ISGE Program assessment uses formative, summative, seamless, and adaptive assessment techniques to evaluate program efficacy. The two-hour ISGE demo provides detail on the 25 obstacles to effective general education and 25 obstacles to effective interdisciplinary T&L. This is the “formative” evaluation for ISGE design and testing. We have designed three instruments for “summative” evaluation. We begin the course with a 61-question Pre-Test of Attitudes to Science and Learning Science. This instrument also asks specific written response questions about student understanding of the scientific method. We end the course with the same instrument as a 31-question Post-Test of Student Attitudes toward science to see if substantive changes have occurred for each student and the ISGE population as a whole. We have also designed an electronic 111-question instrument that asks students to judge each and every category of ISGE methodology, as well as each ISGE Learning Feature for its effectiveness for them relative to the methods they have encountered in the conventional college course. Results of use of these instruments for the test pilot population of CSU students on two campuses are cited above and more detail is available on the NSF website, or by request. Responses of students in the discussion sessions are also part of the summative method. Altogether >33,000 responses have been encoded for our summative evaluation to-date.

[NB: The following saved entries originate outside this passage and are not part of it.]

text \<open>The zeros of \<open>F k\<close> need not be unique, so they are chosen one at a time, each to
  the right of the previous one.\<close>

lemma ascending_zeros:
  fixes F :: "nat \<Rightarrow> real \<Rightarrow> real"
  assumes "L < R"
    and cont: "\<And>k. continuous_on {L..R} (F k)"
    and left: "\<And>k. lo \<le> k \<Longrightarrow> k < hi \<Longrightarrow> 0 < F k L"
    and right: "\<And>k. lo \<le> k \<Longrightarrow> k < hi \<Longrightarrow> F k R < 0"
    and step: "\<And>k x. lo \<le> k \<Longrightarrow> Suc k < hi \<Longrightarrow> L < x \<Longrightarrow> x < R \<Longrightarrow> F k x = 0 \<Longrightarrow> 0 < F (Suc k) x"
  obtains p where "\<And>k. lo \<le> k \<Longrightarrow> k < hi \<Longrightarrow> L < p k \<and> p k < R \<and> F k (p k) = 0"
    and "\<And>k. lo \<le> k \<Longrightarrow> Suc k < hi \<Longrightarrow> p k < p (Suc k)"
proof -
  have "\<exists>p. (\<forall>k. lo \<le> k \<and> k < m \<longrightarrow> L < p k \<and> p k < R \<and> F k (p k) = 0)
          \<and> (\<forall>k. lo \<le> k \<and> Suc k < m \<longrightarrow> p k < p (Suc k))" if "m \<le> hi" for m
    using that
  proof (induction m)
    case 0
    show ?case by simp
  next
    case (Suc m)
    then obtain p where p_zero: "\<forall>k. lo \<le> k \<and> k < m \<longrightarrow> L < p k \<and> p k < R \<and> F k (p k) = 0"
      and p_less: "\<forall>k. lo \<le> k \<and> Suc k < m \<longrightarrow> p k < p (Suc k)"
      by auto
    show ?case
    proof (cases "lo \<le> m")
      case False
      then show ?thesis by (intro exI[of _ p]) auto
    next
      case True
      define l where "l = (if m = lo then L else p (m - 1))"
      have "L \<le> l \<and> l < R \<and> 0 < F m l"
      proof (cases "m = lo")
        case False
        then have "L < p (m - 1) \<and> p (m - 1) < R \<and> F (m - 1) (p (m - 1)) = 0"
          using p_zero True by simp
        then show ?thesis
          using False True Suc.prems step[of "m - 1" "p (m - 1)"] by (simp add: l_def)
      qed (use left[of m] Suc.prems \<open>L < R\<close> in \<open>simp add: l_def\<close>)
      then have "L \<le> l" "l < R" "0 < F m l" by simp_all
      moreover have "continuous_on {l..R} (F m)"
        by (rule continuous_on_subset[OF cont]) (use \<open>L \<le> l\<close> in auto)
      ultimately obtain y where y: "l < y" "y < R" "F m y = 0"
        using zero_between_opposite_signs[of l R "F m" 1] right[of m] True Suc.prems by auto
      have "p (m - 1) < y" if "lo \<le> m - 1" "m \<noteq> lo"
        using y that by (simp add: l_def)
      then show ?thesis
        using p_zero p_less y \<open>L \<le> l\<close> True
        by (intro exI[of _ "p(m := y)"]) (auto simp: less_Suc_eq)
    qed
  qed
  then show ?thesis using that by blast
qed

lemma zeros_between_alternating_signs:
  fixes p :: "real poly" and P :: "nat \<Rightarrow> real"
  assumes "\<And>j. 1 \<le> j \<Longrightarrow> j < n \<Longrightarrow> P j < P (Suc j)"
    and "\<And>j. 1 \<le> j \<Longrightarrow> j \<le> n \<Longrightarrow> 0 < (-1)^j * poly p (P j)"
  obtains R where "\<And>j. 1 \<le> j \<Longrightarrow> j < n \<Longrightarrow> P j < R j \<and> R j < P (Suc j) \<and> poly p (R j) = 0"
proof -
  have "\<exists>y. P j < y \<and> y < P (Suc j) \<and> poly p y = 0" if "1 \<le> j" "j < n" for j
  proof -
    have "0 < (-1)^j * poly p (P j)" "(-1)^j * poly p (P (Suc j)) < 0"
      using assms(2)[of j] assms(2)[of "Suc j"] that by auto
    moreover have "continuous_on {P j..P (Suc j)} (poly p)"
      by (intro continuous_intros)
    ultimately show ?thesis
      using zero_between_opposite_signs[OF assms(1)] that by metis
  qed
  then show ?thesis using that by metis
qed

lemma interlaced_roots:
  fixes p :: "real poly" and P :: "nat \<Rightarrow> real"
  assumes "1 \<le> n" "degree p = n"
    and P_less: "\<And>j. 1 \<le> j \<Longrightarrow> j < n \<Longrightarrow> P j < P (Suc j)"
    and sign: "\<And>j. 1 \<le> j \<Longrightarrow> j \<le> n \<Longrightarrow> 0 < (-1)^j * poly p (P j)"
    and "P n < r" "poly p r = 0"
  obtains R where "\<And>j. 1 \<le> j \<Longrightarrow> j < n \<Longrightarrow> P j < R j \<and> R j < P (Suc j)"
    and "R n = r"
    and "\<And>J. nroots_in p J = card {j \<in> {1..n}. R j \<in> J}"
    and "real_rooted p"
    and "\<And>j x. 1 \<le> j \<Longrightarrow> j < n \<Longrightarrow> P j \<le> x \<Longrightarrow> x \<le> P (Suc j) \<Longrightarrow>
      R j < x \<longleftrightarrow> (-1)^j * poly p x < 0"
proof -
  have "p \<noteq> 0" using sign[of 1] \<open>1 \<le> n\<close> by auto
  obtain R0 where R0: "\<And>j. 1 \<le> j \<Longrightarrow> j < n \<Longrightarrow> P j < R0 j \<and> R0 j < P (Suc j) \<and> poly p (R0 j) = 0"
    using zeros_between_alternating_signs[of n P p, OF P_less sign] by blast
  define R where "R j = (if j = n then r else R0 j)" for j
  have R_between: "P j < R j \<and> R j < P (Suc j)" if "1 \<le> j" "j < n" for j
    using R0 that by (simp add: R_def)
  have roots: "poly p (R j) = 0" if "j \<in> {1..n}" for j
    using R0[of j] \<open>poly p r = 0\<close> that by (auto simp: R_def)
  have P_less_R: "P j < R j" if "1 \<le> j" "j \<le> n" for j
    using R_between[of j] \<open>P n < r\<close> that by (cases "j = n") (auto simp: R_def)
  have P_mono: "P i \<le> P j" if "1 \<le> i" "i \<le> j" "j \<le> n" for i j
    by (rule lift_Suc_mono_le_ivl[where N = "{1..<n}"]) (use P_less that in \<open>auto simp: less_imp_le\<close>)
  have "strict_mono_on {1..n} R"
  proof (rule strict_mono_onI)
    fix i j assume "i \<in> {1..n}" "j \<in> {1..n}" "i < j"
    then have "R i < P (Suc i)" "P (Suc i) \<le> P j" "P j < R j"
      using R_between P_mono P_less_R by auto
    then show "R i < R j" by simp
  qed
  then have "inj_on R {1..n}" by (rule strict_mono_on_imp_inj_on)
  have "card {1..n} = degree p" using \<open>degree p = n\<close> by simp
  note roots_data = \<open>p \<noteq> 0\<close> \<open>inj_on R {1..n}\<close> finite_atLeastAtMost this roots
  have image_roots: "card (R ` {1..n}) = degree p" "\<And>x. x \<in> R ` {1..n} \<Longrightarrow> poly p x = 0"
    using roots_data by (auto simp: card_image)
  have root_set: "{x. poly p x = 0} = R ` {1..n}"
    using roots_eq_and_simple_if_card_eq_degree(1)[OF \<open>p \<noteq> 0\<close> _ image_roots] by simp
  have unique: "y = R j" if y: "1 \<le> j" "j < n" "P j < y" "y < P (Suc j)" "poly p y = 0" for j y
  proof -
    obtain i where i: "i \<in> {1..n}" "y = R i" using root_set y(5) by blast
    have "\<not> i < j" using R_between[of i] P_mono[of "Suc i" j] i y by fastforce
    moreover have "\<not> j < i" using P_less_R[of i] P_mono[of "Suc j" i] i y by fastforce
    ultimately show ?thesis using i by simp
  qed
  show ?thesis
  proof
    show "P j < R j \<and> R j < P (Suc j)" if "1 \<le> j" "j < n" for j
      using R_between that .
    show "R n = r" by (simp add: R_def)
    show "nroots_in p J = card {j \<in> {1..n}. R j \<in> J}" for J
      by (rule nroots_in_eq_card_preimage[OF roots_data])
    show "real_rooted p"
      using real_rooted_if_card_eq_degree[OF \<open>p \<noteq> 0\<close> _ image_roots] by simp
    show "R j < x \<longleftrightarrow> (-1)^j * poly p x < 0"
      if "1 \<le> j" "j < n" "P j \<le> x" "x \<le> P (Suc j)" for j x
    proof (rule less_unique_zero_iff_sign)
      show "continuous_on {P j..P (Suc j)} (poly p)" by (intro continuous_intros)
      show "0 < (-1)^j * poly p (P j)" "(-1)^j * poly p (P (Suc j)) < 0"
        using sign[of j] sign[of "Suc j"] that by auto
    qed (use unique that in auto)
  qed
qed

section \<open>Closed forms for the sequence \<open>W\<close>\<close>

lemma poly_W_Suc_Suc:
  "poly (W a b c d (Suc (Suc n))) x =
     (a*x + b) * poly (W a b c d (Suc n)) x + (c*x + d) * poly (W a b c d n) x"
  by (simp add: algebra_simps)

lemma degree_W:
  assumes "a \<noteq> 0"
  shows "degree (W a b c d n) = n"
proof (induction n rule: induct_nat_012)
  case (ge2 n)
  then have "W a b c d (Suc n) \<noteq> 0" by auto
  then have "degree ([:b, a:] * W a b c d (Suc n)) = Suc (Suc n)"
    using ge2 assms by (subst degree_mult_eq) auto
  moreover have "degree ([:d, c:] * W a b c d n) < Suc (Suc n)"
  proof -
    have "degree [:d, c:] \<le> 1" by simp
    then show ?thesis using degree_mult_le[of "[:d, c:]" "W a b c d n"] ge2 by linarith
  qed
  ultimately show ?case by (simp add: degree_add_eq_left)
qed simp_all

lemma poly_W_eq_power:
  assumes "x^2 = (a*x + b) * x + (c*x + d)"
  shows "poly (W a b c d n) x = x^n"
proof (induction n rule: induct_nat_012)
  case (ge2 n)
  have "poly (W a b c d (Suc (Suc n))) x = x^n * ((a*x + b) * x + (c*x + d))"
    by (simp only: poly_W_Suc_Suc ge2.IH) (simp add: algebra_simps)
  then show ?case by (simp add: assms[symmetric] power2_eq_square)
qed simp_all

lemma poly_W_at_zero_of_A:
  assumes "a*x + b = 0"
  shows "poly (W a b c d (2*k)) x = (c*x + d)^k \<and> poly (W a b c d (2*k + 1)) x = x * (c*x + d)^k"
proof (induction k)
  case (Suc k)
  have "poly (W a b c d (2 * Suc k)) x = (c*x + d)^Suc k"
    using poly_W_Suc_Suc[of a b c d "2*k" x] Suc assms by simp
  moreover have "poly (W a b c d (2 * Suc k + 1)) x = x * (c*x + d)^Suc k"
    using poly_W_Suc_Suc[of a b c d "2*k + 1" x] Suc assms by simp
  ultimately show ?case by simp
qed simp
lemma X1_moved_by_decomposition: "{x\<in>X1 r c. s x \<noteq> x} = sources"
proof -
  have "fst ` Xpairs r c (\<rho> \<circ> s) = {x\<in>X1 r c. s x \<noteq> x}"
    unfolding Xpairs_comp_swap[OF decomposition_perms_K_0 decomposition_swaps]
    by (simp add: image_image)
  moreover have "fst ` Xpairs r c (\<rho> \<circ> s) = sources"
    unfolding comp Xpairs_eq_graph by (simp add: image_image)
  ultimately show ?thesis by simp
qed

lemma restrict_decomposition_targets: "restrict s sources \<in> sources \<rightarrow>\<^sub>E targets"
proof -
  have "s a \<in> targets" if a: "a \<in> sources" for a
  proof -
    have a1: "a \<in> X1 r c" and "s a \<noteq> a"
      using a X1_moved_by_decomposition by auto
    then have "s a \<in> X2_preimage r c \<rho>"
      by (rule swaps_moves_into(1)[OF decomposition_swaps])
    moreover have "\<phi> (s a) \<notin> X2 r c"
      using perms_K_0_no_Xpair[OF decomposition_perms_K_0 a1]
      by (simp add: decomposition_eq_comp swaps_involution[OF decomposition_swaps])
    ultimately show ?thesis
      using X1_Int_X2_preimage[OF decomposition_perms_K_0]
      by (auto simp: targets_def X2_preimage_def)
  qed
  then show ?thesis by simp
qed

lemma decomposition_fixes:
  assumes "x \<notin> sources" "x \<notin> s ` sources"
  shows "s x = x"
proof (rule ccontr)
  assume moves: "s x \<noteq> x"
  then have "x \<in> X2_preimage r c \<rho>"
    using assms X1_moved_by_decomposition swaps_fixes[OF decomposition_swaps] by blast
  then have "s x \<in> X1 r c"
    using moves by (rule swaps_moves_into(2)[OF decomposition_swaps])
  then have "s x \<in> sources"
    using moves X1_moved_by_decomposition swaps_involution[OF decomposition_swaps]
    by (metis (mono_tags, lifting) mem_Collect_eq)
  then have "x \<in> s ` sources"
    using swaps_involution[OF decomposition_swaps] by (metis image_eqI)
  with assms show False by blast
qed

lemma decomposition_eq_exchange: "s = exchange sources (restrict s sources)"
proof
  let ?g = "restrict s sources"
  have inv: "s (s x) = x" for x
    using decomposition_swaps by (rule swaps_involution)
  have g_inj: "inj_on ?g sources"
    by (rule inj_onI) (metis inv restrict_apply)
  have disj: "?g ` sources \<inter> sources = {}"
    using restrict_decomposition_targets targets_disjoint sources_subset by fastforce
  fix x
  consider "x \<in> sources" | a where "a \<in> sources" "x = s a" | "x \<notin> sources" "x \<notin> s ` sources"
    by blast
  then show "s x = exchange sources ?g x"
  proof cases
    case 1
    then show ?thesis by (simp add: exchange_in)
  next
    case 2
    have "exchange sources ?g (s a) = a"
      using exchange_image[OF g_inj disj 2(1)] 2(1) by simp
    with 2 show ?thesis by (simp add: inv)
  next
    case 3
    then show ?thesis
      by (simp add: decomposition_fixes exchange_outside)
  qed
qed

end

lemma decompositions_eq_image:
  "{p\<in>swap_decompositions r c K. fst p \<circ> snd p = \<phi>}
     = (\<lambda>g. (\<phi> \<circ> exchange sources g, exchange sources g))
         ` {g\<in>sources \<rightarrow>\<^sub>E targets. inj_on g sources}"
    (is "?L = ?G ` ?I")
proof
  show "?G ` ?I \<subseteq> ?L"
    by (auto simp: exchange_decomposition comp_exchange_exchange)
  show "?L \<subseteq> ?G ` ?I"
  proof
    fix p assume "p \<in> ?L"
    then obtain \<rho> s where p: "p = (\<rho>, s)" "(\<rho>, s) \<in> swap_decompositions r c K"
      and comp: "\<rho> \<circ> s = \<phi>"
      by (cases p) auto
    have "inj_on s sources"
      using swaps_involution[OF decomposition_swaps[OF p(2) comp]] by (metis inj_onI)
    then have "restrict s sources \<in> ?I"
      using restrict_decomposition_targets[OF p(2) comp] by simp
    moreover have "p = ?G (restrict s sources)"
      using p decomposition_eq_comp[OF p(2) comp] decomposition_eq_exchange[OF p(2) comp] by simp
    ultimately show "p \<in> ?G ` ?I" by blast
  qed
qed

lemma card_decompositions:
  "card {p\<in>swap_decompositions r c K. fst p \<circ> snd p = \<phi>}
     = (\<Prod>i<K. 2 ^ (r + c) + K - 2 ^ r - 2 ^ c - i)"
proof -
  let ?I = "{g\<in>sources \<rightarrow>\<^sub>E targets. inj_on g sources}"
  have "inj_on (\<lambda>g. (\<phi> \<circ> exchange sources g, exchange sources g)) ?I"
  proof (rule inj_onI)
    fix g g' assume g: "g \<in> ?I" and g': "g' \<in> ?I"
        and "(\<phi> \<circ> exchange sources g, exchange sources g)
        = (\<phi> \<circ> exchange sources g', exchange sources g')"
    then have "g a = g' a" if "a \<in> sources" for a
      using that by (metis exchange_in prod.inject)
    with g g' show "g = g'"
      by (auto intro: PiE_ext)
  qed
  moreover have "card ?I = (\<Prod>i<K. card targets - i)"
    using card_inj_on_subset_funcset[OF finite_sources finite_targets subset_refl]
    by (simp add: card_sources atLeast0LessThan)
  moreover have "card targets = 2 ^ (r + c) + K - 2 ^ r - 2 ^ c"
    using card_targets by simp
  ultimately show ?thesis
    by (simp add: decompositions_eq_image card_image)
qed

end

lemma finite_perms_K: "finite (perms_K r c K)"
  by (rule finite_subset[of _ "{\<phi>. \<phi> permutes strings (r + c)}"])
    (auto simp: perms_K_def finite_permutations)

lemma finite_swap_decompositions: "finite (swap_decompositions r c K)"
  unfolding swap_decompositions_def
  by (intro finite_SigmaI finite_perms_K finite_swaps) simp_all
(* Let $p\ge3$ be a prime and $d\in D_p$. (1) If $p=3$, then (a) $\binom{2d}{d}_{\#3}=\binom{3d}{d}_{\#3}$; (b) $\binom{2d+1}{d}_{\#3}=\binom{3d+2}{d}_{\#3}$; and for all integers $a$ with $0\le a\le 2d$: (c) $\big(\binom ad\binom{3d-a}{d}\big)_{\#3}\ge\binom{2d}{d}_{\#3}$; (d) $\big(\binom ad\binom{3d-1-a}{d}\big)_{\#3}\ge\binom{2d}{d}_{\#3}$; (e) $\big(\binom ad\binom{3d+1-a}{d+1}\big)_{\#3}\ge\binom{2d+1}{d}_{\#3}$. (2) If $p\ge5$, then (a) $\binom{2d}{d}_{\#p}=\binom{3d}{d}_{\#p}$; and for all integers $a$ with $0\le a\le 2d$: (b) $\big(\binom ad\binom{3d-a}{d}\big)_{\#p}\ge\binom{2d}d_{\#p}$; (c) $\big(\binom ad\binom{3d-1-a}{d}\big)_{\#p}\ge\binom{2d}d_{\#p}$; (d) $\big(\binom a{d-1}\binom{3d-2-a}{d}\big)_{\#p}\ge\binom{2d}d_{\#p}$.
   Context: For an integer $M$ and prime $p$, $M_{\#p}=\sup\{k: p^k\mid M\}$ (so $0_{\#p}=\infty$); $\binom{m}{i}_{\#p}$ means $(\binom mi)_{\#p}$. For integers $m,i$: $\binom mi=\frac{m(m-1)\cdots(m-i+1)}{i!}$ if $i>0$, $1$ if $i=0$, $0$ if $i<0$. Sets $D_p$: $D_3$ is the smallest set of non-negative integers containing $0$ such that $d\in D_3$ implies $3d,3d+2\in D_3$. For a prime $p\ge5$, let $\pi_p$ be the largest integer with $\pi_p<p/3$; $D_p$ is the smallest set of non-negative integers containing $[0,\pi_p]\cap\mathbb Z$ such that for each $d\in D_p$, every non-negative integer in $[pd-\pi_p,pd+\pi_p]$ lies in $D_p$. *)

theory Defs
  imports "HOL-Computational_Algebra.Computational_Algebra" "HOL-Library.Extended_Nat"
begin

definition ibinom :: "int \<Rightarrow> int \<Rightarrow> int" where
  "ibinom m i = (if i < 0 then 0
                 else (\<Prod>j<nat i. (m - int j)) div fact (nat i))"

definition vp :: "nat \<Rightarrow> int \<Rightarrow> enat" where
  "vp p M = (if M = 0 then \<infinity> else enat (multiplicity (int p) M))"

inductive_set D3 :: "nat set" where
  D3_zero: "0 \<in> D3"
| D3_mult: "d \<in> D3 \<Longrightarrow> 3 * d \<in> D3"
| D3_plus2: "d \<in> D3 \<Longrightarrow> 3 * d + 2 \<in> D3"

text \<open>pi_p = largest integer strictly less than p/3.\<close>
definition pip :: "nat \<Rightarrow> int" where
  "pip p = (int p - 1) div 3"

inductive_set Dgen :: "nat \<Rightarrow> nat set" for p :: nat where
  Dgen_base: "int d \<le> pip p \<Longrightarrow> d \<in> Dgen p"
| Dgen_step: "d \<in> Dgen p \<Longrightarrow> int p * int d - pip p \<le> int e \<Longrightarrow>
              int e \<le> int p * int d + pip p \<Longrightarrow> e \<in> Dgen p"

definition Dp :: "nat \<Rightarrow> nat set" where
  "Dp p = (if p = 3 then D3 else Dgen p)"

end

theory Submission
  imports Defs
begin

(* By Kummer's theorem the p-adic valuation of (m choose n) counts
   the levels k at which m mod p^k < n mod p^k, i.e. the carries when n and m - n
   are added in base p.  Every claim of the theorem compares such carry counts,
   and we compare them level by level: writing q = p^k and r = d mod q, the
   binomial (2d choose d) carries at level q iff 2r >= q.  Elements of D_p have
   residues r avoiding the middle third of [0, q), so such a carry puts r into
   the upper third, and a short window computation of residues mod q then shows
   that the binomials on the other side carry at the same level.
   The file proceeds in four steps: (1) Legendre's and Kummer's formulas, recast
   as a comparison principle for vp of ibinom; (2) the level-wise carry lemmas
   about residues modulo q; (3) the residue gap properties of D_3 and of D_p for
   p >= 5; (4) the individual statements for general x, from which theorem1p9
   follows by instantiation. *)

lemma multiplicity_eq_card_dvd_powers:
  fixes p m N :: nat
  assumes p: "prime p" and m: "0 < m" "m \<le> N"
  shows "multiplicity p m = card {k\<in>{1..N}. p ^ k dvd m}"
proof -
  define j where "j = multiplicity p m"
  have dvd_iff: "p ^ k dvd m \<longleftrightarrow> k \<le> j" for k
    unfolding j_def using m p by (intro power_dvd_iff_le_multiplicity) (auto simp: not_prime_unit)
  have "j < 2 ^ j"
    by (rule less_exp)
  also have "(2::nat) ^ j \<le> p ^ j"
    using prime_ge_2_nat[OF p] by (rule power_mono) simp
  also have "p ^ j \<le> m"
    using dvd_iff m by (simp add: dvd_imp_le)
  finally have "{k\<in>{1..N}. p ^ k dvd m} = {1..j}"
    using m by (auto simp: dvd_iff)
  then show ?thesis
    unfolding j_def by simp
qed

lemma div_add_carry:
  fixes a b q :: nat
  assumes q: "0 < q"
  shows "(a + b) div q = a div q + b div q + (if (a + b) mod q < a mod q then 1 else 0)"
proof -
  have a: "a mod q < q" and b: "b mod q < q"
    using q by simp_all
  have sum_mod: "(a + b) mod q = (a mod q + b mod q) mod q"
    by (simp add: mod_add_eq)
  have "(a mod q + b mod q) div q = (if (a + b) mod q < a mod q then 1 else 0)"
  proof (cases "a mod q + b mod q < q")
    case True
    then have "(a + b) mod q = a mod q + b mod q"
      unfolding sum_mod by simp
    then show ?thesis
      using True by simp
  next
    case False
    moreover have "a mod q + b mod q - q < q"
      using a b by linarith
    ultimately have "(a mod q + b mod q) mod q = a mod q + b mod q - q"
      "(a mod q + b mod q) div q = 1"
      using a b by (simp_all add: le_mod_geq le_div_geq)
    then show ?thesis
      using b False unfolding sum_mod by simp
  qed
  then show ?thesis
    unfolding div_add1_eq[of a b q] by simp
qed

lemma legendre_formula:
  fixes p n N :: nat
  assumes p: "prime p" and n: "n \<le> N"
  shows "multiplicity p (fact n) = (\<Sum>k\<in>{1..N}. n div p ^ k)"
  using n
proof (induction n)
  case 0
  then show ?case by simp
next
  case (Suc n)
  have "multiplicity p (fact (Suc n) :: nat) = multiplicity p (Suc n * fact n)"
    by simp
  also have "\<dots> = multiplicity p (Suc n) + multiplicity p (fact n :: nat)"
    using p by (intro prime_elem_multiplicity_mult_distrib) auto
  also have "multiplicity p (Suc n) = (\<Sum>k\<in>{1..N}. if p ^ k dvd Suc n then 1 else 0)"
    using p Suc.prems by (simp add: multiplicity_eq_card_dvd_powers sum.If_cases Int_def conj_commute)
  also have "multiplicity p (fact n :: nat) = (\<Sum>k\<in>{1..N}. n div p ^ k)"
    using Suc by simp
  also have "(\<Sum>k\<in>{1..N}. if p ^ k dvd Suc n then 1 else 0) + (\<Sum>k\<in>{1..N}. n div p ^ k)
      = (\<Sum>k\<in>{1..N}. Suc n div p ^ k)"
    unfolding sum.distrib[symmetric] by (rule sum.cong) (auto simp: div_Suc dvd_eq_mod_eq_0)
  finally show ?case .
qed

lemma kummer_carries:
  fixes p m n N :: nat
  assumes p: "prime p" and nm: "n \<le> m" and mN: "m \<le> N"
  shows "multiplicity p (m choose n) = card {k\<in>{1..N}. m mod p ^ k < n mod p ^ k}"
proof -
  let ?carry = "\<lambda>k. if m mod p ^ k < n mod p ^ k then 1 else 0 :: nat"
  have nonzero: "(fact n :: nat) \<noteq> 0" "(fact (m - n) :: nat) \<noteq> 0" "m choose n \<noteq> 0"
    using nm by auto
  have "multiplicity p (fact m :: nat) = multiplicity p (fact n * fact (m - n) * (m choose n) :: nat)"
    using binomial_fact_lemma[OF nm] by simp
  also have "\<dots> = multiplicity p (fact n :: nat) + multiplicity p (fact (m - n) :: nat)
      + multiplicity p (m choose n)"
    using p nonzero by (simp add: prime_elem_multiplicity_mult_distrib)
  finally have fact_split: "multiplicity p (fact m :: nat) = multiplicity p (fact n :: nat)
      + multiplicity p (fact (m - n) :: nat) + multiplicity p (m choose n)" .
  have "m div p ^ k = n div p ^ k + (m - n) div p ^ k + ?carry k" for k
    using div_add_carry[of "p ^ k" n "m - n"] p nm by (simp add: prime_gt_0_nat)
  then have "(\<Sum>k\<in>{1..N}. m div p ^ k)
      = (\<Sum>k\<in>{1..N}. n div p ^ k) + (\<Sum>k\<in>{1..N}. (m - n) div p ^ k) + (\<Sum>k\<in>{1..N}. ?carry k)"
    by (simp add: sum.distrib)
  moreover have "(\<Sum>k\<in>{1..N}. ?carry k) = card {k\<in>{1..N}. m mod p ^ k < n mod p ^ k}"
    by (simp add: sum.If_cases Int_def conj_commute)
  moreover have "multiplicity p (fact m :: nat) = (\<Sum>k\<in>{1..N}. m div p ^ k)"
    by (rule legendre_formula[OF p mN])
  moreover have "multiplicity p (fact n :: nat) = (\<Sum>k\<in>{1..N}. n div p ^ k)"
    by (rule legendre_formula[OF p]) (use nm mN in linarith)
  moreover have "multiplicity p (fact (m - n) :: nat) = (\<Sum>k\<in>{1..N}. (m - n) div p ^ k)"
    by (rule legendre_formula[OF p]) (use mN in linarith)
  ultimately show ?thesis
    using fact_split by linarith
qed

lemma ibinom_of_nat: "ibinom (int m) (int n) = int (m choose n)"
proof -
  have "real_of_int (\<Prod>j<n. int m - int j) = (\<Prod>j\<in>{0..<n}. real m - of_nat j)"
    by (simp add: atLeast0LessThan)
  also have "\<dots> = real (m choose n) * fact n"
    by (simp add: gbinomial_mult_fact'[symmetric] binomial_gbinomial)
  finally have "(\<Prod>j<n. int m - int j) = int (m choose n) * fact n"
    by (metis of_int_eq_iff of_int_fact of_int_mult of_int_of_nat_eq)
  then show ?thesis
    unfolding ibinom_def by simp
qed

lemma multiplicity_of_nat:
  fixes p x :: nat
  assumes p: "prime p" and x: "x \<noteq> 0"
  shows "multiplicity (int p) (int x) = multiplicity p x"
proof (rule multiplicity_eqI)
  have "p ^ multiplicity p x dvd x" and "\<not> p ^ Suc (multiplicity p x) dvd x"
    using prime_gt_1_nat[OF p] x multiplicity_dvd[of p x]
      power_dvd_iff_le_multiplicity[where p = p and x = x and n = "Suc (multiplicity p x)"]
    by auto
  then show "int p ^ multiplicity p x dvd int x" and "\<not> int p ^ Suc (multiplicity p x) dvd int x"
    by (metis of_nat_dvd_iff of_nat_power)+
qed

lemma vp_mult:
  assumes "prime p"
  shows "vp p (x * y) = vp p x + vp p y"
  using assms by (simp add: vp_def prime_elem_multiplicity_mult_distrib)

definition carries :: "nat \<Rightarrow> nat \<Rightarrow> int \<Rightarrow> int \<Rightarrow> nat set" where
  "carries p N m n = {k\<in>{1..N}. m mod int p ^ k < n mod int p ^ k}"

lemma finite_carries [simp]: "finite (carries p N m n)"
  by (simp add: carries_def)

In addition to the above, we are proud to announce that the ISGE project, through its NSF funding, and using three Cal Poly Pomona SOAP grants, has developed two new Assessment Techniques not used anywhere else. These have been presented at national conferences. ISGE uses Authorware Professional software from Macromedia for delivery of its multimedia modules. A7P automatically maintains student data on a wide range of variables about student decisions and performance as they are taking the module. This is an integral part of the programming software’s LMS (Learning Management System). We continue to develop software to retrieve this data and combine it for class performance measures, not just for the section, but for all sections at a college, and for all colleges using the ISGE courseware. This allows us to gather “seamless” data (on the fly; as it happens; without interrupting the student) and also to enable slight changes to any particular section of courseware that appears to need change to test whether or not the change improves or inhibits learning across the whole population, or for particular segments. Operating the course is evolving the course, “seamlessly.” This enables “evolutionary /or/ adaptive” assessment and represents two new tools for the national assessment toolbox begun at Cal Poly and available nowhere else to our knowledge.

X. Current Status:

Dr. Troncale is on sabbatical until Spring to finally complete “sufficient” modules for the first yearlong offering of ISGE (25 MMM’s). The “ideal” plan for ISGE would provide a “library” of modules for instructors on different campuses to select from to complete the study program. This would involve a module of case studies for each of the seven sciences for each of the Integrative Themes (7 modules x 9 Integrative Themes = 64 total modules). If one includes the 15 modules for the Scientific Method as an Integrative Theme and the Introductory Modules, the long-term plan would entail ca. 90 modules to choose from. This “ideal” design is the one presented in the Knowledge Map outline for the entire course (if all thee course outlines are fused). Production of one hour of interactive activity in multimedia costs ca. $50,000 to $100,000 according to industry standards (for a total cost of $9 million dollars for the ideal). Clearly, this is a very ambitious “ideal” product whose maximum production is not needed for initial offerings, but is desirable for completeness and flexibility in the future. For example, it is not yet clear from the pilot courses whether or not non-science students can handle more than one multimedia, self-study module per week given the skill-training sessions, discussion sessions, and labs that they must complete each week. Our preliminary data from the pilot audience indicates that our interactive, ISGE multimedia modules take from one to three hours for a typical student to complete, not counting completing the several “learning games” (quizzes) at the end of each module. For the first year of offering, 10 modules will be required per quarter, or more than one per week (given the normal 9 study weeks to allow time for Introduction, holidays and exams). Completion of study of two Integrative Themes per quarter (e.g. Hierarchy Integrative Theme and Scientific Method Theme for the first quarter), instead of the “ideal” four will be required. We will increase these each year while monitoring student reactions and performance.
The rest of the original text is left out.